When Harrington sprang her trap, he hadn't expected to get anything out. As it was, he'd somehow managed to extract almost a third of his total fleet. Which, of course, was another way of saying he'd lost over two-thirds of it. And he would have lost it all, if Shannon Foraker's defensive doctrine hadn't worked so well. Most of the ships he'd gotten out had been badly battered, and although he'd managed to evade any pursuit in the depths of hyper-space, the voyage home had been a nightmare all its own. Restricted by damage to the Delta bands, his maximum apparent velocity had been only 1,300 c, which meant the trip had taken over three months. Three months of dealing with damage out of limited onboard resources. Three months of watching his wounded recover-or not-when even his surviving units had lost thirty percent of their medical personnel. And three months without any idea at all how the rest of Operation Thunderbolt had gone.

It was fortunate that the answer to that last question was that it had gone quite well indeed. The success of the other fleet commanders might have rubbed a little more salt into the wound of his own failure, but at least the Manties had been hammered far harder overall than the Republic. It was a pity Javier Giscard hadn't gone ahead and attacked at Trevor's Star, but Tourville couldn't fault that decision-not on the basis of what Javier had known at the time. But the Grendelsbane attack, especially, had been a crushing success, and no one at the Octagon had blamed Tourville or his staff for what had happened to Fourth Fleet in Marsh.

One or two politicians had had a few things to say. In fact, a couple of them had been vocal enough to get themselves firmly onto Lester Tourville's personal shit list. That was one side of a living, breathing democracy which Tourville was honest enough to admit he could have done without. But the most telling evidence that he continued to enjoy the confidence of his n superiors was his new assignment.

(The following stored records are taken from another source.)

lemma finite_coset_inv:
  fixes K :: "'g::topological_group_add set"
  assumes "is_subgroup K" "open K" "compact K" "finite A" "A \<subseteq> cosets K"
  shows "finite (coset_inv K A)"
proof -
  have "coset_inv K A \<subseteq> (\<lambda>z. lcoset z K) ` (uminus ` \<Union>A)"
  proof
    fix x assume "x \<in> coset_inv K A"
    then obtain g where g: "x = lcoset g K" "lcoset (- g) K \<in> A" unfolding coset_inv_def by blast
    then have "- g \<in> \<Union>A" using lcoset_mem[OF assms(1)] by blast
    then have "g \<in> uminus ` \<Union>A" by (metis image_eqI minus_minus)
    then show "x \<in> (\<lambda>z. lcoset z K) ` (uminus ` \<Union>A)" using g(1) by blast
  qed
  moreover have "finite ((\<lambda>z. lcoset z K) ` (uminus ` \<Union>A))"
    using assms compact_Union_cosets
    by (intro finite_lcosets_of_compact compact_continuous_image continuous_intros) auto
  ultimately show ?thesis by (rule finite_subset)
qed

lemma finite_coset_inv_iff:
  fixes K :: "'g::topological_group_add set"
  assumes "is_subgroup K" "open K" "compact K" "A \<subseteq> cosets K"
  shows "finite (coset_inv K A) \<longleftrightarrow> finite A"
proof
  assume "finite (coset_inv K A)"
  then have "finite (coset_inv K (coset_inv K A))"
    using finite_coset_inv[OF assms(1-3) _ coset_inv_subset] by blast
  then show "finite A" using subset_coset_inv_coset_inv[OF assms(4)] by (rule finite_subset[rotated])
qed (use finite_coset_inv[OF assms(1-3) _ assms(4)] in blast)

lemma inner_boundary_coset_inv_subset:
  assumes "is_subgroup K" "\<forall>k\<in>K. set_act k B = B"
  shows "inner_boundary (rc_edge K S) (coset_inv K B) \<subseteq> (\<Union>s\<in>S. coset_inv K (B - set_act s B))"
proof
  fix x assume "x \<in> inner_boundary (rc_edge K S) (coset_inv K B)"
  then obtain h s where hs: "s \<in> S" "x = lcoset h K"
    "lcoset h K \<in> coset_inv K B" "lcoset (h + s) K \<notin> coset_inv K B"
    unfolding inner_boundary_def rc_edge_def by blast
  have in_B: "lcoset (- h) K \<in> B" and not_in_B: "lcoset (- s + - h) K \<notin> B"
    using hs(3,4) mem_coset_inv_iff[OF assms] by (auto simp: minus_add)
  have "lcoset (- h) K \<notin> set_act s B"
  proof
    assume "lcoset (- h) K \<in> set_act s B"
    then obtain c where "c \<in> B" "lcoset (- h) K = act s c" unfolding set_act_def by auto
    moreover have "act (- s) (act s c) = c"
      unfolding act_def by (simp add: image_image add.assoc[symmetric])
    ultimately show False using not_in_B by (metis act_lcoset)
  qed
  then show "x \<in> (\<Union>s\<in>S. coset_inv K (B - set_act s B))"
    using hs(1,2) in_B unfolding coset_inv_def by blast
qed

lemma finite_inner_boundary_coset_inv:
  fixes K :: "'g::topological_group_add set"
  assumes "generating_pair K S" "almost_invariant K B"
  shows "finite (inner_boundary (rc_edge K S) (coset_inv K B))"
proof (rule finite_subset[OF inner_boundary_coset_inv_subset])
  have K: "is_subgroup K" "open K" "compact K" "finite S"
    using assms(1) unfolding generating_pair_def by auto
  have B: "B \<subseteq> cosets K" "\<forall>k\<in>K. set_act k B = B" "\<And>g. finite (B - set_act g B)"
    using assms(2) unfolding almost_invariant_def by auto
  show "finite (\<Union>s\<in>S. coset_inv K (B - set_act s B))"
    using K B by (intro finite_UN_I finite_coset_inv) auto
qed (use assms in \<open>auto simp: generating_pair_def almost_invariant_def\<close>)
lemma best_response_iff:
  fixes G \<tau> :: real
  assumes "0 < G" "0 < E n" "0 < \<tau>" "\<rho> n = 2 * E n * \<tau> ^ 3 * sqrt G"
    and "n < N" and x: "x \<in> {..<N} \<rightarrow>\<^sub>E {0..D}" and "0 < (\<Sum>m<N. x m)"
  shows "(\<forall>y\<in>{0..D}. cost N G \<rho> E C p x n \<le> cost N G \<rho> E C p (x(n := y)) n) \<longleftrightarrow>
    (0 < x n \<longrightarrow> (\<Sum>m<N. x m) \<le> \<tau>\<^sup>2) \<and> (x n < D \<longrightarrow> \<tau>\<^sup>2 \<le> (\<Sum>m<N. x m))"
proof -
  define S where "S = (\<Sum>m<N. x m)"
  define s where "s = S - x n"
  define f where "f z = 2 * E n * \<tau> ^ 3 / sqrt z + E n * z" for z
  define K where "K = \<rho> n / G - E n * s + C n + p"
  have "x n \<in> {0..D}"
    using PiE_mem[OF x] \<open>n < N\<close> by simp
  have "s = (\<Sum>m\<in>{..<N} - {n}. x m)"
    using \<open>n < N\<close> by (simp add: s_def S_def sum_diff1)
  then have "0 \<le> s"
    using PiE_mem[OF x] by (auto intro!: sum_nonneg)
  have deviation:
    "cost N G \<rho> E C p (x(n := y)) n = (if s + y = 0 then \<infinity> else ereal (f (s + y) + K))" for y
    using cost_fun_upd[OF \<open>n < N\<close>, where x = x and y = y] assms(1,4)
    by (simp add: s_def S_def f_def K_def)
  have "cost N G \<rho> E C p x n = ereal (f S + K)"
    using deviation[of "x n"] \<open>0 < (\<Sum>m<N. x m)\<close> by (simp add: s_def S_def)
  then have "(\<forall>y\<in>{0..D}. cost N G \<rho> E C p x n \<le> cost N G \<rho> E C p (x(n := y)) n) \<longleftrightarrow>
      (\<forall>y\<in>{0..D}. 0 < s + y \<longrightarrow> f S \<le> f (s + y))"
    using deviation \<open>0 \<le> s\<close> by auto
  also have "\<dots> \<longleftrightarrow> (\<forall>z\<in>{s..s + D}. 0 < z \<longrightarrow> f S \<le> f z)"
  proof -
    have "{s..s + D} = (+) s ` {0..D}"
      by (simp add: add.commute)
    then show ?thesis
      by (simp only: ball_simps(9))
  qed
  also have "\<dots> \<longleftrightarrow> (s < S \<longrightarrow> S \<le> \<tau>\<^sup>2) \<and> (S < s + D \<longrightarrow> \<tau>\<^sup>2 \<le> S)"
  proof (rule unimodal_min_on_interval_iff)
    show "f v < f u" if "0 < u" "u < v" "v \<le> \<tau>\<^sup>2" for u v
      unfolding f_def using inv_sqrt_plus_linear_strict_antimono assms(2,3) that .
    show "f u < f v" if "\<tau>\<^sup>2 \<le> u" "u < v" for u v
      unfolding f_def using inv_sqrt_plus_linear_strict_mono assms(2,3) that .
  qed (use \<open>0 < \<tau>\<close> \<open>0 < (\<Sum>m<N. x m)\<close> \<open>x n \<in> {0..D}\<close> in \<open>simp_all add: s_def S_def\<close>)
  finally show ?thesis
    by (simp add: s_def S_def)
qed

Second Fleet was a new organization. The old Second Fleet had been dissolved after Thunderbolt, and the new one's skeleton of veteran units was receiving primarily new construction, straight from completing working up exercises under Shannon Foraker's direction in Bolthole. When he'd been given the command, his understanding had been that it wouldn't be committed to action for at least a T-year, and probably somewhat longer. Second Fleet was supposed to be the knuckleduster no one on the other side knew existed until it landed in a devastating right cross.

But even the best plans were subject to change, and Operation Gobi was right down Lester Tourville's alley. Nor was it going to require him to commit his complete strength. He could put together the required strike force out of his more experienced, battle hardened units without exposing his newbies. In fact, he supposed he really could have handed the entire operation over to one of his task force commanders... if there'd been a single chance in hell he wouldn't be commanding it himself.